Prompt: Should the word "also" occur in a line of the records, copy that line.

Dataset excerpts:
--- START ---

text \<open>A block with zero curvature constant but nonzero gradient would admit arbitrarily long
  steps along its sharp with linear decrease, pushing f below fstar.\<close>

lemma curv_pos:
  assumes S: "S \<in> set_pmf D" and i: "i \<in> S" and pos: "0 < gnorm X i"
  shows "0 < curv S X i"
proof (rule ccontr)
  assume "\<not> 0 < curv S X i"
  then have curv_zero: "curv S X i = 0"
    using curv_nonneg[OF S i, of X] by simp
  have in_range: "j < b" if "j \<in> S" for j
    using that blocks_below[OF S] by blast
  let ?s = "sharp i (gblk X i)"
  define F where "F = frob (m i) (n i) (gblk X i) ?s"
  have "(gnorm X i)\<^sup>2 \<le> 2 * F - (nrm i ?s)\<^sup>2"
    unfolding F_def using in_range[OF i] norms sharps by (intro dual_norm_sq_le_sharp_value) (auto simp: blk_in_Mat)
  moreover have "0 < (gnorm X i)\<^sup>2"
    using pos by simp
  ultimately have "0 < F"
    using zero_le_power2[of "nrm i ?s"] by linarith
  define t where "t = - (f X - fstar + 1) / F"
  define B where "B j = (if j = i then (\<lambda>r c. t * ?s r c) else (\<lambda>r c. 0))" for j
  have "?s \<in> Mat (m i) (n i)"
    using in_range[OF i] sharps blk_in_Mat[of e m n "grad X" i] unfolding is_sharp_def by blast
  then have "\<forall>j\<in>S. B j \<in> Mat (m j) (n j)"
    by (simp add: B_def scale_in_Mat zero_in_Mat)
  then have "f (X + assemble (\<lambda>j. if j \<in> S then B j else (\<lambda>r c. 0)))
      \<le> f X + (\<Sum>j\<in>S. frob (m j) (n j) (gblk X j) (B j) + curv S X j / 2 * (nrm j (B j))\<^sup>2)"
    by (rule f_add_assemble_le[OF S])
  also have "(\<Sum>j\<in>S. frob (m j) (n j) (gblk X j) (B j) + curv S X j / 2 * (nrm j (B j))\<^sup>2)
      = (\<Sum>j\<in>S. if j = i then t * F else 0)"
  proof (rule sum.cong)
    fix j assume "j \<in> S"
    then have "nrm j (\<lambda>r c. 0) = 0"
      using mat_norm_zero norms in_range by blast
    then show "frob (m j) (n j) (gblk X j) (B j) + curv S X j / 2 * (nrm j (B j))\<^sup>2
        = (if j = i then t * F else 0)"
      using curv_zero by (simp add: B_def F_def frob_scale_right frob_zero_right)
  qed simp
  also have "\<dots> = - (f X - fstar + 1)"
    using i \<open>0 < F\<close> finite_subset[OF blocks_below[OF S]] by (simp add: t_def)
  finally show False
    using lower[rule_format, of "X + assemble (\<lambda>j. if j \<in> S then B j else (\<lambda>r c. 0))"] by simp
qed

lemma gain_ge:
  assumes S: "S \<in> set_pmf D"
  shows "(\<Sum>i<b. if i \<in> S then 2 * l i * gnorm X i - (l i)\<^sup>2 * curv S X i else 0) \<le> 2 * gain S X"
proof -
  have "(\<Sum>i<b. if i \<in> S then 2 * l i * gnorm X i - (l i)\<^sup>2 * curv S X i else 0)
      = (\<Sum>i\<in>S. 2 * l i * gnorm X i - (l i)\<^sup>2 * curv S X i)"
    using blocks_below[OF S] by (simp add: sum.inter_restrict[symmetric] Int_absorb1)
  also have "\<dots> \<le> (\<Sum>i\<in>S. (gnorm X i)\<^sup>2 / curv S X i)"
  proof (rule sum_mono)
    fix i assume i: "i \<in> S"
    then have "i < b"
      using blocks_below[OF S] by blast
    then show "2 * l i * gnorm X i - (l i)\<^sup>2 * curv S X i \<le> (gnorm X i)\<^sup>2 / curv S X i"
      by (intro quadratic_le_sq_div gnorm_nonneg curv_nonneg[OF S i] curv_pos[OF S i])
  qed
  also have "\<dots> = 2 * gain S X"
  proof -
    have half: "2 * (x / (2 * y)) = x / y" for x y :: real
      by (cases "y = 0") (simp_all add: field_simps)
    show ?thesis
      unfolding gain_def sum_distrib_left half ..
  qed
  finally show ?thesis .
qed

lemma expected_gain_ge:
  "(2 * \<mu> - \<mu>\<^sup>2) * (\<Sum>i<b. weight i * gnorm X i) - \<mu>\<^sup>2 * L0_weighted
     \<le> 2 * (\<Sum>S\<in>set_pmf D. pmf D S * gain S X)"
proof -
  define l where "l i = \<mu> / cexp D (L1 i) i" for i
  have "(2 * \<mu> - \<mu>\<^sup>2) * (\<Sum>i<b. weight i * gnorm X i) - \<mu>\<^sup>2 * L0_weighted
      = (\<Sum>i<b. pin D i * (2 * l i * gnorm X i - (l i)\<^sup>2 * (cexp D (L0 i) i + cexp D (L1 i) i * gnorm X i)))"
    unfolding sum_distrib_left sum_subtractf[symmetric]
  proof (rule sum.cong)
    fix i assume "i \<in> {..<b}"
    then have "cexp D (L1 i) i \<noteq> 0"
      using cexp_L1_pos by (simp add: less_imp_neq[symmetric])
    then show "(2 * \<mu> - \<mu>\<^sup>2) * (weight i * gnorm X i) - \<mu>\<^sup>2 * (pin D i * cexp D (L0 i) i / (cexp D (L1 i) i)\<^sup>2)
        = pin D i * (2 * l i * gnorm X i - (l i)\<^sup>2 * (cexp D (L0 i) i + cexp D (L1 i) i * gnorm X i))"
      unfolding l_def by (simp add: field_simps power2_eq_square)
  qed simp
  also have "\<dots> = (\<Sum>i<b. \<Sum>S\<in>set_pmf D. pmf D S
      * (if i \<in> S then 2 * l i * gnorm X i - (l i)\<^sup>2 * curv S X i else 0))"
    using pin_pos by (intro sum.cong) (simp_all add: expect_block_quadratic[OF finite_set_pmf_D])
  also have "\<dots> = (\<Sum>S\<in>set_pmf D. pmf D S
      * (\<Sum>i<b. if i \<in> S then 2 * l i * gnorm X i - (l i)\<^sup>2 * curv S X i else 0))"
    by (simp add: sum_distrib_left) (rule sum.swap)
  also have "\<dots> \<le> (\<Sum>S\<in>set_pmf D. pmf D S * (2 * gain S X))"
    by (intro sum_mono mult_left_mono gain_ge) auto
  finally show ?thesis
    by (simp add: sum_distrib_left algebra_simps)
qed

lemma sum_expected_weighted_gnorm_le:
  "(\<Sum>j<K. (2 * \<mu> - \<mu>\<^sup>2) * expect_iter D step j (\<lambda>X. \<Sum>i<b. weight i * gnorm X i) X0 - \<mu>\<^sup>2 * L0_weighted)
     \<le> 2 * (f X0 - fstar)"
proof -
  have "(\<Sum>j<K. (2 * \<mu> - \<mu>\<^sup>2) * expect_iter D step j (\<lambda>X. \<Sum>i<b. weight i * gnorm X i) X0 - \<mu>\<^sup>2 * L0_weighted)
      = (\<Sum>j<K. expect_iter D step j
           (\<lambda>X. (2 * \<mu> - \<mu>\<^sup>2) * (\<Sum>i<b. weight i * gnorm X i) + - (\<mu>\<^sup>2 * L0_weighted)) X0)"
    by (intro sum.cong refl)
      (simp only: expect_iter_add expect_iter_cmult expect_iter_const[OF finite_set_pmf_D] diff_conv_add_uminus)
  also have "\<dots> \<le> (\<Sum>j<K. expect_iter D step j (\<lambda>X. 2 * (\<Sum>S\<in>set_pmf D. pmf D S * gain S X)) X0)"
    using expected_gain_ge by (intro sum_mono expect_iter_mono) simp
  also have "\<dots> = 2 * (\<Sum>j<K. expect_iter D step j (\<lambda>X. \<Sum>S\<in>set_pmf D. pmf D S * gain S X) X0)"
    by (simp only: expect_iter_cmult sum_distrib_left[symmetric])
  also have "\<dots> \<le> 2 * (f X0 - fstar)"
  proof -
    have "(\<Sum>j<K. expect_iter D step j (\<lambda>X. \<Sum>S\<in>set_pmf D. pmf D S * gain S X) X0) \<le> f X0 - fstar"
      using sum_expect_iter_decrease_le[where F = f and step = step and \<phi> = gain, OF finite_set_pmf_D f_step_le]
        lower by blast
    then show ?thesis
      by (rule mult_left_mono) simp
  qed
  finally show ?thesis .
qed

lemma ex_iterate_weighted_gnorm_le:
  assumes b: "0 < b" and \<epsilon>: "0 < \<epsilon>" and K: "0 < K"
    and K_bound: "2 * (f X0 - fstar) * L0_weighted / (\<epsilon>\<^sup>2 * mean_weight\<^sup>2)
                  + 2 * (f X0 - fstar) / (\<epsilon> * mean_weight) \<le> real K"
  shows "\<exists>j<K. (\<Sum>i<b. weight i / mean_weight
                  * (\<integral>\<omega>. gnorm (bcd_iter e m n nrm sharp grad L0 L1 X0 \<omega> j) i \<partial>stream_space (measure_pmf D)))
              \<le> \<epsilon>"
proof -
  let ?a = "\<lambda>j. expect_iter D step j (\<lambda>X. \<Sum>i<b. weight i * gnorm X i) X0"
  have weight_pos: "0 < weight i" if "i < b" for i
    using that pin_pos cexp_L1_pos by simp
  then have W: "0 < mean_weight"
    using b by (intro mult_pos_pos sum_pos) auto
  have C: "0 \<le> L0_weighted"
    using pin_pos cexp_L0_nonneg by (intro sum_nonneg divide_nonneg_nonneg mult_nonneg_nonneg) auto
  have clear_denominators: "2 * \<delta> * (C + t) \<le> k * t\<^sup>2"
    if "2 * \<delta> * C / t\<^sup>2 + 2 * \<delta> / t \<le> k" "0 < t" for \<delta> C t k :: real
    using that by (simp add: field_simps power2_eq_square)
  have K_bound': "2 * (f X0 - fstar) * (L0_weighted + \<epsilon> * mean_weight) \<le> real K * (\<epsilon> * mean_weight)\<^sup>2"
    using K_bound \<epsilon> W by (intro clear_denominators) (simp_all only: power_mult_distrib mult_pos_pos)
  from C mult_pos_pos[OF \<epsilon> W] K K_bound' sum_expected_weighted_gnorm_le
  have "\<exists>j<K. ?a j \<le> \<epsilon> * mean_weight"
    by (rule ex_le_of_sum_quadratic_le)
  then obtain j where j: "j < K" "?a j \<le> \<epsilon> * mean_weight"
    by blast
  have "(\<Sum>i<b. weight i / mean_weight
          * (\<integral>\<omega>. gnorm (bcd_iter e m n nrm sharp grad L0 L1 X0 \<omega> j) i \<partial>stream_space (measure_pmf D)))
      \<le> (\<Sum>i<b. weight i / mean_weight * expect_iter D step j (\<lambda>X. gnorm X i) X0)"
    unfolding bcd_iter_eq_fold using weight_pos W
    by (intro sum_mono mult_left_mono integral_fold_stream_le[OF finite_set_pmf_D] gnorm_nonneg
        divide_nonneg_pos less_imp_le) auto
  also have "\<dots> = ?a j / mean_weight"
    unfolding expect_iter_sum[OF finite_lessThan] expect_iter_cmult sum_divide_distrib by (simp add: ac_simps)
  also have "\<dots> \<le> \<epsilon>"
    by (subst pos_divide_le_eq[OF W]) (rule j(2))
  finally show ?thesis
    using j(1) by blast
qed

end

theorem theorem6:
  fixes b :: nat and m n :: "nat \<Rightarrow> nat"
    and e :: "'k::finite \<Rightarrow> nat \<times> nat \<times> nat"
    and nrm :: "nat \<Rightarrow> (nat \<Rightarrow> nat \<Rightarrow> real) \<Rightarrow> real"
    and sharp :: "nat \<Rightarrow> (nat \<Rightarrow> nat \<Rightarrow> real) \<Rightarrow> (nat \<Rightarrow> nat \<Rightarrow> real)"
    and f :: "real^'k \<Rightarrow> real" and grad :: "real^'k \<Rightarrow> real^'k" and fstar :: real
    and D :: "nat set pmf" and L0 L1 :: "nat \<Rightarrow> nat set \<Rightarrow> real"
    and X0 :: "real^'k" and \<epsilon> :: real and K :: nat
  assumes e_bij: "bij_betw e UNIV {(i, r, c). i < b \<and> r < m i \<and> c < n i}"
    and norms: "\<forall>i<b. is_mat_norm (nrm i) (m i) (n i)"
    and sharps: "\<forall>i<b. is_sharp (nrm i) (m i) (n i) (sharp i)"
    and grad: "\<forall>X. (f has_derivative (\<lambda>H. grad X \<bullet> H)) (at X)"
    and grad_cont: "continuous_on UNIV grad"
    and lower: "\<forall>X. fstar \<le> f X"
    and D_sets: "set_pmf D \<subseteq> Pow {..<b}"
    and L_nonneg: "\<forall>S\<in>set_pmf D. \<forall>i<b. 0 \<le> L0 i S \<and> 0 \<le> L1 i S"
    and smooth: "\<forall>S\<in>set_pmf D. \<forall>X \<Gamma>. (\<forall>k. fst (e k) \<notin> S \<longrightarrow> \<Gamma> $ k = 0) \<longrightarrow>
        f (X + \<Gamma>) - f X - grad X \<bullet> \<Gamma>
          \<le> (\<Sum>i\<in>S. (L0 i S + L1 i S * dual_norm (nrm i) (m i) (n i) (blk e m n (grad X) i)) / 2
                     * (nrm i (blk e m n \<Gamma> i))\<^sup>2)"
    and pin_pos: "\<forall>i<b. 0 < pin D i"
    and cexp_pos: "\<forall>i<b. 0 < cexp D (L1 i) i"
    and eps: "0 < \<epsilon>"
    and K_pos: "0 < K"
    and K_bound: "\<lceil>2 * (f X0 - fstar) * (\<Sum>i<b. pin D i * cexp D (L0 i) i / (cexp D (L1 i) i)\<^sup>2)
                   / (\<epsilon>\<^sup>2 * ((1 / real b) * (\<Sum>l<b. pin D l / cexp D (L1 l) l))\<^sup>2)
                 + 2 * (f X0 - fstar) / (\<epsilon> * ((1 / real b) * (\<Sum>l<b. pin D l / cexp D (L1 l) l)))\<rceil>
                 \<le> int K"
  shows "Min ((\<lambda>k. \<Sum>i<b. (pin D i / cexp D (L1 i) i)
                   / ((1 / real b) * (\<Sum>l<b. pin D l / cexp D (L1 l) l))
              * (\<integral>\<omega>. dual_norm (nrm i) (m i) (n i)
                     (blk e m n (grad (bcd_iter e m n nrm sharp grad L0 L1 X0 \<omega> k)) i)
                  \<partial>stream_space (measure_pmf D))) ` {..<K})
         \<le> \<epsilon>"
proof -
  interpret block_descent b m n e nrm sharp f grad fstar D L0 L1
    using e_bij norms sharps lower D_sets L_nonneg smooth pin_pos cexp_pos by unfold_locales
  have "\<exists>j<K. (\<Sum>i<b. weight i / mean_weight
              * (\<integral>\<omega>. gnorm (bcd_iter e m n nrm sharp grad L0 L1 X0 \<omega> j) i \<partial>stream_space (measure_pmf D)))
            \<le> \<epsilon>"
  proof (cases "b = 0")
    case True
    then show ?thesis
      using K_pos eps by auto
  next
    case False
    then show ?thesis
      using ex_iterate_weighted_gnorm_le eps K_pos K_bound unfolding ceiling_le_iff by simp
  qed
  then show ?thesis
    by (auto intro: order_trans[OF Min_le])
qed

end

--- END ---

Answer box:
  also have "(\<Sum>j\<in>S. frob (m j) (n j) (gblk X j) (B j) + curv S X j / 2 * (nrm j (B j))\<^sup>2)
  also have "\<dots> = - (f X - fstar + 1)"
  also have "\<dots> \<le> (\<Sum>i\<in>S. (gnorm X i)\<^sup>2 / curv S X i)"
  also have "\<dots> = 2 * gain S X"
  also have "\<dots> = (\<Sum>i<b. \<Sum>S\<in>set_pmf D. pmf D S
  also have "\<dots> = (\<Sum>S\<in>set_pmf D. pmf D S
  also have "\<dots> \<le> (\<Sum>S\<in>set_pmf D. pmf D S * (2 * gain S X))"
  also have "\<dots> \<le> (\<Sum>j<K. expect_iter D step j (\<lambda>X. 2 * (\<Sum>S\<in>set_pmf D. pmf D S * gain S X)) X0)"
  also have "\<dots> = 2 * (\<Sum>j<K. expect_iter D step j (\<lambda>X. \<Sum>S\<in>set_pmf D. pmf D S * gain S X) X0)"
  also have "\<dots> \<le> 2 * (f X0 - fstar)"
  also have "\<dots> = ?a j / mean_weight"
  also have "\<dots> \<le> \<epsilon>"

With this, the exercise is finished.